Web Scraping using a proxy
Jan 2, 2025 | Article

Technology
Other
How this began?
When I was in the market for a car, I wanted to analyze listing data so I could make an informed decision. I had several questions in mind:
- How much extra do dealerships charge compared to private sellers?
- Are certain car models more expensive than others with similar mileage (like Toyota Corollas versus Honda Civics)?
- Do some dealerships consistently offer better deals?
- And how does a specific car's price compare to similar vehicles with matching mileage, make, and model?
Different Approaches
While gathering this data, I considered a few approaches. The most straightforward would be manually entering everything into Excel—but life's too short for that.

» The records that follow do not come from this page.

(* Let $\eta>0$, $\beta\in[0,1)$ and $\lambda_i$ with $\eta\lambda_i>0$. Define ${\mathcal{M}}_i:\mathbb{S}^2\to\mathbb{S}^2$ by ${\mathcal{M}}_i({\bm{X}}):={\bm{A}}_i{\bm{X}}{\bm{A}}_i^\top+\eta^2\lambda_i^2({\bm{X}})_{11}{\bm{Q}}$, where ${\bm{A}}_i=\begin{bmatrix}1-\eta\lambda_i&-\beta\\ \eta\lambda_i&\beta\end{bmatrix}$ and ${\bm{Q}}=\begin{bmatrix}1&-1\\-1&1\end{bmatrix}$. Then: (a) $\rho({\mathcal{M}}_i)<1$ if and only if $\eta\lambda_i<1-\beta^2$; (b) if $\eta\lambda_i<1-\beta^2$, then $\mathrm{Id}-{\mathcal{M}}_i$ is invertible and $(\mathrm{Id}-{\mathcal{M}}_i)^{-1}(\mathbb{S}^2_+)\subseteq\mathbb{S}^2_+$; (c) if $\eta\lambda_i<1-\beta^2$, then ${\bm{Y}}_i:=(\mathrm{Id}-{\mathcal{M}}_i)^{-1}{\bm{Q}}\in\mathbb{S}^2_+$ and $\gamma_i:=({\bm{Y}}_i)_{11}=\dfrac{1+\beta}{2\eta\lambda_i(1-\beta^2-\eta\lambda_i)}$.
   Context: $\mathbb{S}^2$ denotes the space of real symmetric $2\times2$ matrices and $\mathbb{S}^2_+$ the cone of positive semidefinite ones; $\rho(\cdot)$ denotes spectral radius and $\mathrm{Id}$ the identity map. *)

theory Defs
  imports "HOL-Analysis.Analysis"
begin

definition mat2 :: "'a::comm_ring_1 \<Rightarrow> 'a \<Rightarrow> 'a \<Rightarrow> 'a \<Rightarrow> 'a^2^2" where
  "mat2 a b c d = (\<chi> i j. if i = 1 then (if j = 1 then a else b) else (if j = 1 then c else d))"

definition smat :: "'a::comm_ring_1 \<Rightarrow> 'a^2^2 \<Rightarrow> 'a^2^2" where
  "smat c M = (\<chi> i j. c * M$i$j)"

definition S2 :: "(real^2^2) set" where
  "S2 = {X. transpose X = X}"

definition psd2 :: "real^2^2 \<Rightarrow> bool" where
  "psd2 X \<longleftrightarrow> transpose X = X \<and> (\<forall>v::real^2. 0 \<le> v \<bullet> (X *v v))"

definition S2_plus :: "(real^2^2) set" where
  "S2_plus = {X. psd2 X}"

text \<open>A_i, Q and the operator M_i(X) = A X A^T + eta^2 lambda^2 X_11 Q, stated generically
  so that the same formula gives the operator on real matrices and its complexification.\<close>
definition Amat :: "'a::comm_ring_1 \<Rightarrow> 'a \<Rightarrow> 'a \<Rightarrow> 'a^2^2" where
  "Amat \<eta> lam \<beta> = mat2 (1 - \<eta>*lam) (-\<beta>) (\<eta>*lam) \<beta>"

definition Qmat :: "'a::comm_ring_1^2^2" where
  "Qmat = mat2 1 (-1) (-1) 1"

definition Mop :: "'a::comm_ring_1 \<Rightarrow> 'a \<Rightarrow> 'a \<Rightarrow> 'a^2^2 \<Rightarrow> 'a^2^2" where
  "Mop \<eta> lam \<beta> X = Amat \<eta> lam \<beta> ** X ** transpose (Amat \<eta> lam \<beta>)
      + smat (\<eta>^2 * lam^2 * X$1$1) Qmat"

text \<open>Spectral radius of M_i as a linear operator on S^2: the largest modulus of an
  eigenvalue of its complexification, acting on complex symmetric 2x2 matrices
  (the complexification of S^2).\<close>
definition Mop_eigenvalue :: "real \<Rightarrow> real \<Rightarrow> real \<Rightarrow> complex \<Rightarrow> bool" where
  "Mop_eigenvalue \<eta> lam \<beta> z \<longleftrightarrow>
     (\<exists>Z::complex^2^2. transpose Z = Z \<and> Z \<noteq> 0 \<and>
        Mop (complex_of_real \<eta>) (complex_of_real lam) (complex_of_real \<beta>) Z = smat z Z)"

definition Mop_specrad :: "real \<Rightarrow> real \<Rightarrow> real \<Rightarrow> real" where
  "Mop_specrad \<eta> lam \<beta> = Sup (cmod ` {z. Mop_eigenvalue \<eta> lam \<beta> z})"

end

theory Submission
  imports Defs "HOL-Computational_Algebra.Polynomial"
begin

Traditional web scraping tools like BeautifulSoup, Scrapy, or Puppeteer could work, but the website I was using had robust anti-scraping measures in place. Plus, automated scraping often violates terms of service (always check these and the robots.txt file before attempting any scraping).

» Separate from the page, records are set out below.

lemma hausdorff_dist_image_le:
  fixes g h :: "'i \<Rightarrow> 'a::metric_space"
  assumes "J \<noteq> {}" and "\<And>j. j \<in> J \<Longrightarrow> dist (g j) (h j) \<le> r"
  shows "hausdorff_dist (g ` J) (h ` J) \<le> r"
  unfolding hausdorff_dist_def
proof (rule max.boundedI)
  show "(SUP a\<in>g ` J. infdist a (h ` J)) \<le> r"
    using assms by (auto intro!: cSUP_least infdist_le2)
  show "(SUP b\<in>h ` J. infdist b (g ` J)) \<le> r"
    using assms by (auto intro!: cSUP_least infdist_le2 simp: dist_commute)
qed

lemma image_in_Fn:
  assumes "finite J" "J \<noteq> {}" "card J \<le> n" "g ` J \<subseteq> X"
  shows "g ` J \<in> Fn n X"
  using assms card_image_le[of J g] by (auto simp: Fn_def)

lemma Fn_open_Int:
  assumes "Fn_open n X \<U>" "Fn_open n X \<V>"
  shows "Fn_open n X (\<U> \<inter> \<V>)"
  unfolding Fn_open_def
proof (intro conjI ballI)
  show "\<U> \<inter> \<V> \<subseteq> Fn n X"
    using assms by (auto simp: Fn_open_def)
  fix A assume "A \<in> \<U> \<inter> \<V>"
  then obtain e1 e2 where "e1 > 0" "\<forall>B\<in>Fn n X. hausdorff_dist A B < e1 \<longrightarrow> B \<in> \<U>"
    and "e2 > 0" "\<forall>B\<in>Fn n X. hausdorff_dist A B < e2 \<longrightarrow> B \<in> \<V>"
    using assms unfolding Fn_open_def by blast
  then show "\<exists>e>0. \<forall>B\<in>Fn n X. hausdorff_dist A B < e \<longrightarrow> B \<in> \<U> \<inter> \<V>"
    by (intro exI[of _ "min e1 e2"]) auto
qed

lemma Fn_open_subsets:
  assumes "openin (top_of_set X) U"
  shows "Fn_open n X {E \<in> Fn n X. E \<subseteq> U}"
  unfolding Fn_open_def
proof (intro conjI ballI)
  fix E assume "E \<in> {E \<in> Fn n X. E \<subseteq> U}"
  then have E: "finite E" "E \<noteq> {}" "E \<subseteq> U"
    by (auto simp: Fn_def)
  have "\<forall>e\<in>E. \<exists>\<epsilon>>0. \<forall>x\<in>X. dist x e < \<epsilon> \<longrightarrow> x \<in> U"
    using assms E(3) unfolding openin_euclidean_subtopology_iff by blast
  then obtain \<epsilon> where \<epsilon>: "\<And>e. e \<in> E \<Longrightarrow> \<epsilon> e > 0 \<and> (\<forall>x\<in>X. dist x e < \<epsilon> e \<longrightarrow> x \<in> U)"
    by metis
  define \<delta> where "\<delta> = Min (\<epsilon> ` E)"
  have "\<delta> > 0"
    using E \<epsilon> by (simp add: \<delta>_def)
  moreover have "B \<subseteq> U" if B: "B \<in> Fn n X" "hausdorff_dist E B < \<delta>" for B
  proof
    fix b assume "b \<in> B"
    moreover obtain a where "a \<in> E" "dist b a < \<delta>"
      using hausdorff_dist_lessE[of B E b \<delta>] B \<open>b \<in> B\<close> E
      by (auto simp: Fn_def hausdorff_dist_commute)
    moreover have "\<delta> \<le> \<epsilon> a"
      using \<open>a \<in> E\<close> E by (simp add: \<delta>_def)
    ultimately show "b \<in> U"
      using \<epsilon> B(1) by (force simp: Fn_def)
  qed
  ultimately show "\<exists>e>0. \<forall>B\<in>Fn n X. hausdorff_dist E B < e \<longrightarrow> B \<in> {E \<in> Fn n X. E \<subseteq> U}"
    by blast
qed auto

I needed a less invasive approach. I didn’t mind running my own searches, but I wanted to preserve the data from my searches. That's when I noticed something interesting: the site was fetching data client-side rather than rendering it on the server. This sparked an idea—instead of scraping HTML, why not intercept the request using a proxy and parse the JSON directly?
This approach offers an unexpected bonus: access to more detailed data. For instance, I could see unique IDs for each listing, making it easy to track specific vehicles over time. Plus, all the data came pre-structured, eliminating the need to parse messy HTML.
There is one catch, though: the data must be fetched client-side for this method to work. However, this is increasingly common, especially on sites with infinite scrolling.
The Process
I will demonstrate how do to this using the browser’s own developer tools.
While this method works well for casual use, a more robust setup would involve configuring your browser to use a proxy. This proxy could automatically intercept specified requests and save the responses, streamlining the whole process.
So to use the browser dev tools:
- Browse the site naturally.
- Open the Network tab and identify the specific request that fetches your desired data.
- Filter the network requests to show only the ones containing your target data.
- Download these requests as a .HAR file (HTTP Archive format), which is essentially JSON containing request/response information.
- Then you can read in the .HAR file use your programming language of choice and save data into your own database for analysis later.